(* Let $G$ be an edge transitive graph with at least one edge, and let $\lambda$ and $\tau$ be the greatest and least eigenvalues of its adjacency matrix. Then \[\chi_{vec}(G)=\bar{\vartheta}(G)=1-\frac{\lambda}{\tau}.\]
   Context: Graphs are finite, simple and undirected. For a real $k>1$, a vector $k$-coloring of $G$ is a map $\varphi$ from $V(G)$ to the unit sphere of some $\mathbb{R}^d$ with $\varphi(u)^T\varphi(v)\le -\frac1{k-1}$ whenever $u\sim v$, and $\chi_{vec}(G)$ is the smallest such $k$. A strict vector $k$-coloring is such a map with $\varphi(u)^T\varphi(v)=-\frac1{k-1}$ whenever $u\sim v$, and $\bar{\vartheta}(G)$ is the smallest such $k$ (equivalently the Lovász theta function of the complement of $G$). *)

theory Defs
  imports "HOL-Analysis.Analysis"
begin

text \<open>A finite simple graph: vertex type 'a (finite), adjacency relation E,
  assumed symmetric and irreflexive in the theorem.\<close>

definition graph_aut :: "('a \<Rightarrow> 'a \<Rightarrow> bool) \<Rightarrow> ('a \<Rightarrow> 'a) \<Rightarrow> bool" where
  "graph_aut E \<sigma> \<longleftrightarrow> bij \<sigma> \<and> (\<forall>u v. E u v \<longleftrightarrow> E (\<sigma> u) (\<sigma> v))"

definition edge_transitive :: "('a \<Rightarrow> 'a \<Rightarrow> bool) \<Rightarrow> bool" where
  "edge_transitive E \<longleftrightarrow>
     (\<forall>u v x y. E u v \<longrightarrow> E x y \<longrightarrow>
        (\<exists>\<sigma>. graph_aut E \<sigma> \<and> {\<sigma> u, \<sigma> v} = {x, y}))"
=======
Instructions to follow: Give again, exactly and with nothing added, the lines running from the one that contains "assumed symmetric and" to the last line of the material.

Written solution:
  assumed symmetric and irreflexive in the theorem.\<close>

definition graph_aut :: "('a \<Rightarrow> 'a \<Rightarrow> bool) \<Rightarrow> ('a \<Rightarrow> 'a) \<Rightarrow> bool" where
  "graph_aut E \<sigma> \<longleftrightarrow> bij \<sigma> \<and> (\<forall>u v. E u v \<longleftrightarrow> E (\<sigma> u) (\<sigma> v))"

definition edge_transitive :: "('a \<Rightarrow> 'a \<Rightarrow> bool) \<Rightarrow> bool" where
  "edge_transitive E \<longleftrightarrow>
     (\<forall>u v x y. E u v \<longrightarrow> E x y \<longrightarrow>
        (\<exists>\<sigma>. graph_aut E \<sigma> \<and> {\<sigma> u, \<sigma> v} = {x, y}))"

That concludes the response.